INSTRUCTIONS FOR THE TASK:
Narrow the data below down to the lines containing "decay".

EXERCISE MATERIALS:
lemma star_discrepancy_le_grid:
  fixes x :: "nat \<Rightarrow> nat \<Rightarrow> real" and cell :: "nat \<Rightarrow> nat \<Rightarrow> nat"
  assumes h: "0 < h"
    and cell: "\<And>n i. i < s \<Longrightarrow> real (cell n i) / real h \<le> x n i \<and> x n i \<le> (real (cell n i) + 1) / real h"
    and err: "\<And>k. k \<in> PiE {..<s} (\<lambda>_. {..h}) \<Longrightarrow>
      \<bar>freq (\<lambda>n. \<forall>i<s. cell n i < k i) N - (\<Prod>i<s. real (k i) / real h)\<bar> \<le> \<delta>"
  shows "star_discrepancy s x N \<le> \<delta> + real s / real h"
proof (rule star_discrepancy_le)
  fix t :: "nat \<Rightarrow> real" assume t: "\<forall>i<s. 0 \<le> t i \<and> t i \<le> 1"
  define up where "up = (\<lambda>i\<in>{..<s}. nat \<lceil>t i * real h\<rceil>)"
  define lo where "lo = (\<lambda>i\<in>{..<s}. nat \<lceil>t i * real h\<rceil> - 1)"
  have up: "\<bar>real (up i) - t i * real h\<bar> \<le> 1" "up i \<le> h" if "i < s" for i
    using nat_ceiling_grid_bounds[OF h, of "t i"] t that by (auto simp: up_def)
  have lo: "\<bar>real (lo i) - t i * real h\<bar> \<le> 1" "lo i \<le> h" if "i < s" for i
  proof -
    have "real (lo i) = (if nat \<lceil>t i * real h\<rceil> = 0 then 0 else real (nat \<lceil>t i * real h\<rceil>) - 1)"
      using that by (cases "nat \<lceil>t i * real h\<rceil>") (simp_all add: lo_def)
    moreover have "0 \<le> t i * real h" using t that by simp
    ultimately show "\<bar>real (lo i) - t i * real h\<bar> \<le> 1" "lo i \<le> h"
      using nat_ceiling_grid_bounds[OF h, of "t i"] t that by (auto simp: lo_def)
  qed
  have "up \<in> PiE {..<s} (\<lambda>_. {..h})" "lo \<in> PiE {..<s} (\<lambda>_. {..h})"
    using up(2) lo(2) by (auto simp: up_def lo_def)
  note err_up = err[OF this(1)] and err_lo = err[OF this(2)]
  have "\<bar>(\<Prod>i<s. real (up i) / real h) - (\<Prod>i<s. t i)\<bar> \<le> real s / real h"
    "\<bar>(\<Prod>i<s. real (lo i) / real h) - (\<Prod>i<s. t i)\<bar> \<le> real s / real h"
    using up lo by (intro prod_grid_rounding_error[OF h t]; blast)+
  moreover have "freq (\<lambda>n. \<forall>i<s. cell n i < lo i) N \<le> anchored_freq s x t N"
    "anchored_freq s x t N \<le> freq (\<lambda>n. \<forall>i<s. cell n i < up i) N"
    using anchored_freq_between_grid_boxes[OF h t cell] by (simp_all add: up_def lo_def)
  ultimately show "\<bar>anchored_freq s x t N - (\<Prod>i<s. t i)\<bar> \<le> \<delta> + real s / real h"
    using err_up err_lo by linarith
qed

lemma eventually_star_discrepancy_le_grid:
  fixes x :: "nat \<Rightarrow> nat \<Rightarrow> real" and cell :: "nat \<Rightarrow> nat \<Rightarrow> nat"
  assumes h: "0 < h"
    and cell: "\<And>n i. i < s \<Longrightarrow> real (cell n i) / real h \<le> x n i \<and> x n i \<le> (real (cell n i) + 1) / real h"
    and cell_freq: "\<And>P. P \<in> PiE {..<s} (\<lambda>_. {..<h}) \<Longrightarrow>
      (\<lambda>N. freq (\<lambda>n. \<forall>i<s. cell n i = P i) N) \<longlonglongrightarrow> 1 / real h ^ s"
    and \<delta>: "\<delta> > 0"
  shows "\<forall>\<^sub>F N in sequentially. star_discrepancy s x N \<le> \<delta> + real s / real h"
proof -
  have "\<forall>\<^sub>F N in sequentially. \<forall>k\<in>PiE {..<s} (\<lambda>_. {..h}).
      dist (freq (\<lambda>n. \<forall>i<s. cell n i < k i) N) (\<Prod>i<s. real (k i) / real h) < \<delta>"
    using \<delta> by (intro eventually_ball_finite finite_PiE ballI tendstoD
        tendsto_freq_cells_below[OF cell_freq]) auto
  then show ?thesis
  proof (rule eventually_mono)
    fix N assume "\<forall>k\<in>PiE {..<s} (\<lambda>_. {..h}).
      dist (freq (\<lambda>n. \<forall>i<s. cell n i < k i) N) (\<Prod>i<s. real (k i) / real h) < \<delta>"
    then show "star_discrepancy s x N \<le> \<delta> + real s / real h"
      by (intro star_discrepancy_le_grid[OF h cell]) (auto simp: dist_real_def less_imp_le)
  qed
qed

lemma ud_cube_if_grid_cells_equidistributed:
  fixes x :: "nat \<Rightarrow> nat \<Rightarrow> real" and cell :: "nat \<Rightarrow> nat \<Rightarrow> nat \<Rightarrow> nat"
  assumes q: "q \<ge> 2"
    and cell: "\<And>m n i. i < s \<Longrightarrow>
      real (cell m n i) / real q ^ m \<le> x n i \<and> x n i \<le> (real (cell m n i) + 1) / real q ^ m"
    and cell_freq: "\<And>m P. P \<in> PiE {..<s} (\<lambda>_. {..<q ^ m}) \<Longrightarrow>
      (\<lambda>N. freq (\<lambda>n. \<forall>i<s. cell m n i = P i) N) \<longlonglongrightarrow> 1 / real (q ^ m) ^ s"
  shows "ud_cube s x"
  unfolding ud_cube_def
proof (rule LIMSEQ_I)
  fix \<epsilon> :: real assume \<epsilon>: "\<epsilon> > 0"
  have "1 < real q" using q by simp
  then obtain m where m: "4 * real s / \<epsilon> < real q ^ m"
    using real_arch_pow by blast
  define e where "e = \<epsilon> / 4 + real s / real (q ^ m)"
  have "real s / real (q ^ m) \<le> \<epsilon> / 4"
    using m \<epsilon> q by (simp add: field_simps)
  then have "e < \<epsilon>"
    using \<epsilon> unfolding e_def by linarith
  moreover have "\<forall>\<^sub>F N in sequentially. star_discrepancy s x N \<le> e"
    unfolding e_def
    by (rule eventually_star_discrepancy_le_grid) (use q cell cell_freq \<epsilon> in auto)
  ultimately have "\<forall>\<^sub>F N in sequentially. norm (star_discrepancy s x N - 0) < \<epsilon>"
    using star_discrepancy_nonneg[of s x] by (auto elim: eventually_mono)
  then show "\<exists>N0. \<forall>N\<ge>N0. norm (star_discrepancy s x N - 0) < \<epsilon>"
    by (simp only: eventually_sequentially)
qed
lemma tail_fit_local_peak_b_point:
  "Q' = 0 \<or> Q' = 1 \<Longrightarrow> local_peak (8 * k) (tail_fit n k 1 Q') (b_point k)"
  using ascent_up last_ascent_path[of True k] local_peak_b_point_raise_xA[of k n] k_bound
  by (auto simp: forced_ascent_def)

lemmas step_bounds = s_par_M_par_bounds[OF k_bound]

lemma ascent_path_Suc_segment1:
  "successively (sole_ascent_step (8 * Suc k) (tail_fit n (Suc k) P Q))
     (map (\<lambda>t. t @ zeros k) (top_before up @ [top_pivot1 up]))"
  by (rule tail_fit_forced_path_top)
    (use top_walks_with_lower_zeros(1)[OF step_bounds boundary]
       top_blocks_length top_fit_over_zeros tail_fit_local_peak_zeros
     in \<open>auto simp: top_before_def bits_def\<close>)

lemma ascent_path_Suc_segment2:
  "successively (sole_ascent_step (8 * Suc k) (tail_fit n (Suc k) P Q))
     (map ((@) (top_pivot1 up)) (ascent_path True k))"
proof (rule tail_fit_forced_path_lower)
  show "successively
      (sole_ascent_step (8 * k)
        (tail_fit n k (of_bool (top_pivot1 up ! 5)) (of_bool (top_pivot1 up ! 6))))
      (ascent_path True k)"
    using ascent_up by (simp add: forced_ascent_def top_pivot1_def bits_def)
  show "\<forall>x\<in>set (butlast (ascent_path True k)).
      local_peak 8 (top_fit_over n k P Q x) (top_pivot1 up)"
  proof (cases k)
    case (Suc j)
    then show ?thesis
      using ascent_path_xB[of True k] top_pivots_local_peak(1)[OF step_bounds boundary]
      by (auto simp: top_fit_over_def)
  qed simp
qed (simp add: top_pivot1_def bits_def)

lemma ascent_path_Suc_segment3:
  "successively (sole_ascent_step (8 * Suc k) (tail_fit n (Suc k) P Q))
     (map (\<lambda>t. t @ b_point k) (top_pivot1 up # top_between up @ [top_pivot2 up]))"
  by (rule tail_fit_forced_path_top)
    (use top_walk_with_lower_peak[OF step_bounds boundary]
       top_blocks_length top_fit_over_b_point tail_fit_local_peak_b_point
     in \<open>auto simp: top_pivot1_def top_between_def bits_def butlast_append\<close>)

lemma ascent_path_Suc_segment4:
  "successively (sole_ascent_step (8 * Suc k) (tail_fit n (Suc k) P Q))
     (map ((@) (top_pivot2 up)) (ascent_path False k))"
proof (rule tail_fit_forced_path_lower)
  show "successively
      (sole_ascent_step (8 * k)
        (tail_fit n k (of_bool (top_pivot2 up ! 5)) (of_bool (top_pivot2 up ! 6))))
      (ascent_path False k)"
    using ascent_down[of 1] by (simp add: forced_ascent_def top_pivot2_def bits_def)
  show "\<forall>x\<in>set (butlast (ascent_path False k)).
      local_peak 8 (top_fit_over n k P Q x) (top_pivot2 up)"
  proof (cases k)
    case (Suc j)
    then show ?thesis
      using ascent_path_xB[of False k] top_pivots_local_peak(2)[OF step_bounds boundary]
      by (auto simp: top_fit_over_def)
  qed simp
qed (simp add: top_pivot2_def bits_def)
section \<open>Summability of \<open>|k|\<^sup>-\<^sup>s\<close> over \<open>\<int>\<^sup>d\<close>\<close>

lemma summable_on_one_plus_sq_powr:
  assumes "a > 1/2"
  shows "(\<lambda>n::int. (1 + (real_of_int n)\<^sup>2) powr (-a)) summable_on UNIV"
proof -
  let ?f = "\<lambda>n::int. (1 + (real_of_int n)\<^sup>2) powr (-a)"
  have "summable (\<lambda>n::nat. real n powr (-2*a))"
    using assms by (subst summable_real_powr_iff) simp
  then have "summable (\<lambda>n::nat. ?f (int n))"
  proof (rule summable_comparison_test')
    fix n :: nat
    assume "n \<ge> 1"
    then have n: "real n > 0" by simp
    have "real n powr 2 = (real n)\<^sup>2"
      using powr_realpow[OF n, of 2] by simp
    then have "real n powr (-2*a) = ((real n)\<^sup>2) powr (-a)"
      using powr_powr[of "real n" 2 "-a"] by simp
    also have "\<dots> \<ge> (1 + (real n)\<^sup>2) powr (-a)"
      by (rule powr_mono2') (use assms n in auto)
    finally show "norm (?f (int n)) \<le> real n powr (-2*a)"
      by simp
  qed
  then have summable_nat: "(\<lambda>n::nat. ?f (int n)) summable_on UNIV"
    by (subst summable_on_UNIV_nonneg_real_iff) auto
  have pos: "?f summable_on range int"
    using summable_nat by (subst summable_on_reindex) (auto simp: o_def)
  have neg: "?f summable_on range (\<lambda>n::nat. - int n)"
    using summable_nat by (subst summable_on_reindex) (auto simp: o_def inj_on_def)
  have "n \<in> range int \<union> range (\<lambda>n::nat. - int n)" for n
  proof (cases "n \<ge> 0")
    case True
    then have "n = int (nat n)" by simp
    then show ?thesis by blast
  next
    case False
    then have "n = - int (nat (- n))" by simp
    then show ?thesis by blast
  qed
  then have "UNIV = range int \<union> range (\<lambda>n::nat. - int n)"
    by auto
  then show ?thesis
    using summable_on_union[OF pos neg] by simp
qed
(* Suppose that during gradient descent training with step size $\eta$, for some $\omega>0$ and all iterations $s=0,1,\dots,K$, $\|\mathbf{f}(s)-\mathbf{y}\|_2^2\le(1-\frac{\eta\omega}{2})^s\|\mathbf{f}(0)-\mathbf{y}\|_2^2$. Then for each $k$, $$|g_k(s)-g_k(0)|\le\frac{4\sqrt n\,\|\mathbf{f}(0)-\mathbf{y}\|_2}{\sqrt m\,\omega}\quad\text{for } s=0,1,\dots,K+1.$$
   Context: Data $(\mathbf{x}_i,y_i)\in\mathbb{R}^d\times\mathbb{R}$, $i=1,\dots,n$, with $\|\mathbf{x}_i\|_2\le1$. Network $f(\mathbf{x})=\frac{1}{\sqrt m}\sum_{k=1}^mc_k\sigma(g_k\mathbf{v}_k^\top\mathbf{x}/\|\mathbf{v}_k\|_2)$, $\sigma(s)=\max\{s,0\}$, $c_k\in\{-1,1\}$ fixed, initialized with $\mathbf{v}_k(0)\sim N(0,\alpha^2\mathbf{I})$, $g_k(0)=\|\mathbf{v}_k(0)\|_2/\alpha$. Gradient descent on $L=\frac12\sum_i(f(\mathbf{x}_i)-y_i)^2$: $\mathbf{v}_k(s+1)=\mathbf{v}_k(s)-\eta\partial L/\partial\mathbf{v}_k$, $g_k(s+1)=g_k(s)-\eta\partial L/\partial g_k$; $\mathbf{f}(s)$ predictions at iteration $s$, $\mathbf{y}$ targets. *)

theory Defs
  imports "HOL-Analysis.Analysis"
begin

definition relu :: "real \<Rightarrow> real" where
  "relu s = max s 0"

definition relu_deriv :: "real \<Rightarrow> real" where
  "relu_deriv s = (if s > 0 then 1 else 0)"

definition net :: "nat \<Rightarrow> (nat \<Rightarrow> real) \<Rightarrow> (nat \<Rightarrow> real) \<Rightarrow> (nat \<Rightarrow> 'a::euclidean_space) \<Rightarrow> 'a \<Rightarrow> real" where
  "net m c g v x = (1 / sqrt (real m)) * (\<Sum>k<m. c k * relu (g k * (v k \<bullet> x) / norm (v k)))"

definition sqerr :: "nat \<Rightarrow> (nat \<Rightarrow> 'a::euclidean_space) \<Rightarrow> (nat \<Rightarrow> real) \<Rightarrow> nat \<Rightarrow> (nat \<Rightarrow> real) \<Rightarrow> (nat \<Rightarrow> real) \<Rightarrow> (nat \<Rightarrow> 'a) \<Rightarrow> real" where
  "sqerr n X Y m c g v = (\<Sum>i<n. (net m c g v (X i) - Y i)^2)"

text \<open>Partial derivative of L = 1/2 sum_i (f(x_i) - y_i)^2 with respect to g_k.\<close>
definition dL_dg :: "nat \<Rightarrow> (nat \<Rightarrow> 'a::euclidean_space) \<Rightarrow> (nat \<Rightarrow> real) \<Rightarrow> nat \<Rightarrow> (nat \<Rightarrow> real) \<Rightarrow> (nat \<Rightarrow> real) \<Rightarrow> (nat \<Rightarrow> 'a) \<Rightarrow> nat \<Rightarrow> real" where
  "dL_dg n X Y m c g v k = (\<Sum>i<n. (net m c g v (X i) - Y i) * (1 / sqrt (real m)) * c k
      * relu_deriv (g k * (v k \<bullet> X i) / norm (v k)) * ((v k \<bullet> X i) / norm (v k)))"

text \<open>Gradient of L with respect to v_k.\<close>
definition dL_dv :: "nat \<Rightarrow> (nat \<Rightarrow> 'a::euclidean_space) \<Rightarrow> (nat \<Rightarrow> real) \<Rightarrow> nat \<Rightarrow> (nat \<Rightarrow> real) \<Rightarrow> (nat \<Rightarrow> real) \<Rightarrow> (nat \<Rightarrow> 'a) \<Rightarrow> nat \<Rightarrow> 'a" where
  "dL_dv n X Y m c g v k = (\<Sum>i<n. ((net m c g v (X i) - Y i) * (1 / sqrt (real m)) * c k
      * relu_deriv (g k * (v k \<bullet> X i) / norm (v k)) * g k) *\<^sub>R
      ((1 / norm (v k)) *\<^sub>R X i - ((v k \<bullet> X i) / norm (v k) ^ 3) *\<^sub>R v k))"

end

theory Submission
  imports Defs
begin

text \<open>The update of \<open>g\<^sub>k\<close> is \<open>\<eta>\<close> times a sum over the data of residual times factors of
  modulus at most \<open>1/\<surd>m\<close>, so by Cauchy--Schwarz it is at most
  \<open>\<eta> \<surd>n \<parallel>f(s) - y\<parallel> / \<surd>m \<le> \<eta> \<surd>n \<parallel>f(0) - y\<parallel> \<rho>\<^sup>s / \<surd>m\<close> with \<open>\<rho> = \<surd>(1 - \<eta>\<omega>/2)\<close>.
  Summing the geometric series gives the factor \<open>1/(1 - \<rho>) \<le> 2/(1 - \<rho>\<^sup>2) = 4/(\<eta>\<omega>)\<close>.
  Neither the initialization nor the update of \<open>v\<^sub>k\<close> enters the argument.\<close>

lemma sum_abs_le_sqrt_card_mult_sqrt_sum_squares:
  fixes f :: "'b \<Rightarrow> real"
  shows "(\<Sum>i\<in>A. \<bar>f i\<bar>) \<le> sqrt (real (card A)) * sqrt (\<Sum>i\<in>A. (f i)\<^sup>2)"
  using L2_set_mult_ineq [where f = f and g = "\<lambda>_. 1" and A = A]
  by (simp add: L2_set_constant L2_set_def mult.commute)

lemma abs_inner_div_norm_le: "\<bar>(v \<bullet> x) / norm v\<bar> \<le> norm x"
  for v x :: "'a::real_inner"
proof (cases "v = 0")
  case False
  then show ?thesis
    using Cauchy_Schwarz_ineq2 [of v x] by (simp add: abs_divide divide_le_eq mult.commute)
qed simp

lemma norm_diff_le_geometric_increments:
  fixes a :: "nat \<Rightarrow> 'b::real_normed_vector"
  assumes "0 \<le> C" "0 \<le> r" "r < 1"
    and increments: "\<And>t. t < N \<Longrightarrow> norm (a (Suc t) - a t) \<le> C * r ^ t"
    and "s \<le> N"
  shows "norm (a s - a 0) \<le> C / (1 - r)"
proof -
  have "norm (a s - a 0) = norm (\<Sum>t<s. a (Suc t) - a t)"
    by (simp add: sum_lessThan_telescope)
  also have "\<dots> \<le> (\<Sum>t<s. C * r ^ t)"
    using increments \<open>s \<le> N\<close> by (intro sum_norm_le) auto
  also have "\<dots> = C * (1 - r ^ s) / (1 - r)"
    using \<open>r < 1\<close> by (simp add: sum_distrib_left [symmetric] sum_gp_strict)
  also have "\<dots> \<le> C / (1 - r)"
    using assms(1-3) by (intro divide_right_mono mult_left_le) auto
  finally show ?thesis .
qed

lemma inverse_one_minus_sqrt_le:
  fixes q :: real
  assumes "0 \<le> q" "q < 1"
  shows "1 / (1 - sqrt q) \<le> 2 / (1 - q)"
proof -
  have "1 - q = (1 - sqrt q) * (1 + sqrt q)"
    using assms by (simp add: algebra_simps)
  also have "\<dots> \<le> (1 - sqrt q) * 2"
    using assms by (intro mult_left_mono) auto
  finally show ?thesis
    using assms by (simp add: field_simps)
qed

lemma abs_dL_dg_le:
  assumes data: "\<And>i. i < n \<Longrightarrow> norm (X i) \<le> 1"
    and "\<bar>c k\<bar> \<le> 1"
  shows "\<bar>dL_dg n X Y m c g v k\<bar> \<le> sqrt (real n) * sqrt (sqerr n X Y m c g v) / sqrt (real m)"
proof -
  define e where "e i = net m c g v (X i) - Y i" for i
  define p where "p i = (v k \<bullet> X i) / norm (v k)" for i
  have "\<bar>dL_dg n X Y m c g v k\<bar>
      \<le> (\<Sum>i<n. \<bar>e i\<bar> / sqrt (real m) * (\<bar>c k\<bar> * \<bar>relu_deriv (g k * p i)\<bar> * \<bar>p i\<bar>))"
    unfolding dL_dg_def e_def p_def
    by (rule order_trans [OF sum_abs]) (simp add: abs_mult mult_ac)
  also have "\<dots> \<le> (\<Sum>i<n. \<bar>e i\<bar> / sqrt (real m))"
  proof (intro sum_mono mult_right_le_one_le mult_le_one)
    fix i assume "i \<in> {..<n}"
    then show "\<bar>p i\<bar> \<le> 1"
      unfolding p_def using abs_inner_div_norm_le data order_trans by blast
  qed (use \<open>\<bar>c k\<bar> \<le> 1\<close> in \<open>auto simp: relu_deriv_def\<close>)
  also have "\<dots> \<le> sqrt (real n) * sqrt (\<Sum>i<n. (e i)\<^sup>2) / sqrt (real m)"
    using sum_abs_le_sqrt_card_mult_sqrt_sum_squares [of e "{..<n}"]
    by (simp add: sum_divide_distrib [symmetric] divide_right_mono)
  finally show ?thesis
    unfolding sqerr_def e_def .
qed

theorem lemmaC2:
  fixes X :: "nat \<Rightarrow> 'a::euclidean_space" and Y :: "nat \<Rightarrow> real"
    and n m K :: nat and c :: "nat \<Rightarrow> real"
    and gs :: "nat \<Rightarrow> nat \<Rightarrow> real" and vs :: "nat \<Rightarrow> nat \<Rightarrow> 'a"
    and \<eta> \<omega> \<alpha> :: real
  assumes data: "\<And>i. i < n \<Longrightarrow> norm (X i) \<le> 1"
    and m_pos: "0 < m"
    and signs: "\<And>k. k < m \<Longrightarrow> c k = -1 \<or> c k = 1"
    and alpha_pos: "0 < \<alpha>"
    and init_g: "\<And>k. k < m \<Longrightarrow> gs 0 k = norm (vs 0 k) / \<alpha>"
    and step_v: "\<And>s k. k < m \<Longrightarrow>
        vs (Suc s) k = vs s k - \<eta> *\<^sub>R dL_dv n X Y m c (gs s) (vs s) k"
    and step_g: "\<And>s k. k < m \<Longrightarrow>
        gs (Suc s) k = gs s k - \<eta> * dL_dg n X Y m c (gs s) (vs s) k"
    and eta_pos: "0 < \<eta>"
    and omega_pos: "0 < \<omega>"
    and eta_omega: "\<eta> * \<omega> \<le> 2"
    and decay: "\<And>s. s \<le> K \<Longrightarrow>
        sqerr n X Y m c (gs s) (vs s) \<le> (1 - \<eta> * \<omega> / 2) ^ s * sqerr n X Y m c (gs 0) (vs 0)"
  shows "\<forall>k<m. \<forall>s\<le>K + 1. \<bar>gs s k - gs 0 k\<bar> \<le>
           4 * sqrt (real n) * sqrt (sqerr n X Y m c (gs 0) (vs 0)) / (sqrt (real m) * \<omega>)"
proof (intro allI impI)
  fix k s assume "k < m" and "s \<le> K + 1"
  define q where "q = 1 - \<eta> * \<omega> / 2"
  define A where "A = sqrt (real n) * sqrt (sqerr n X Y m c (gs 0) (vs 0)) / sqrt (real m)"
  have q: "0 \<le> q" "q < 1"
    using eta_omega eta_pos omega_pos by (auto simp: q_def)
  have "0 \<le> A"
    by (simp add: A_def sqerr_def sum_nonneg)
  have increments: "\<bar>gs (Suc t) k - gs t k\<bar> \<le> \<eta> * A * sqrt q ^ t" if "t < K + 1" for t
  proof -
    have "\<bar>gs (Suc t) k - gs t k\<bar> = \<eta> * \<bar>dL_dg n X Y m c (gs t) (vs t) k\<bar>"
      using step_g [OF \<open>k < m\<close>] eta_pos by (simp add: abs_mult)
    also have "\<dots> \<le> \<eta> * (sqrt (real n) * sqrt (sqerr n X Y m c (gs t) (vs t)) / sqrt (real m))"
      using abs_dL_dg_le [OF data] signs [OF \<open>k < m\<close>] eta_pos by (intro mult_left_mono) auto
    also have "\<dots> \<le> \<eta> * (sqrt (real n) * sqrt (q ^ t * sqerr n X Y m c (gs 0) (vs 0)) / sqrt (real m))"
      using decay [of t] that eta_pos unfolding q_def
      by (intro mult_left_mono divide_right_mono real_sqrt_le_mono) auto
    also have "\<dots> = \<eta> * A * sqrt q ^ t"
      by (simp add: A_def real_sqrt_mult real_sqrt_power)
    finally show ?thesis .
  qed
  have "\<bar>gs s k - gs 0 k\<bar> \<le> \<eta> * A / (1 - sqrt q)"
    using norm_diff_le_geometric_increments [of "\<eta> * A" "sqrt q" "K + 1" "\<lambda>t. gs t k" s]
      increments \<open>0 \<le> A\<close> eta_pos q \<open>s \<le> K + 1\<close> by simp
  also have "\<dots> \<le> \<eta> * A * (2 / (1 - q))"
    using mult_left_mono [OF inverse_one_minus_sqrt_le [OF q], of "\<eta> * A"] \<open>0 \<le> A\<close> eta_pos
    by simp
  also have "\<dots> = 4 * sqrt (real n) * sqrt (sqerr n X Y m c (gs 0) (vs 0)) / (sqrt (real m) * \<omega>)"
    using eta_pos omega_pos by (simp add: A_def q_def field_simps)
  finally show "\<bar>gs s k - gs 0 k\<bar> \<le>
      4 * sqrt (real n) * sqrt (sqerr n X Y m c (gs 0) (vs 0)) / (sqrt (real m) * \<omega>)" .
qed

end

REPLY TO THE TASK:
    and decay: "\<And>s. s \<le> K \<Longrightarrow>
      using decay [of t] that eta_pos unfolding q_def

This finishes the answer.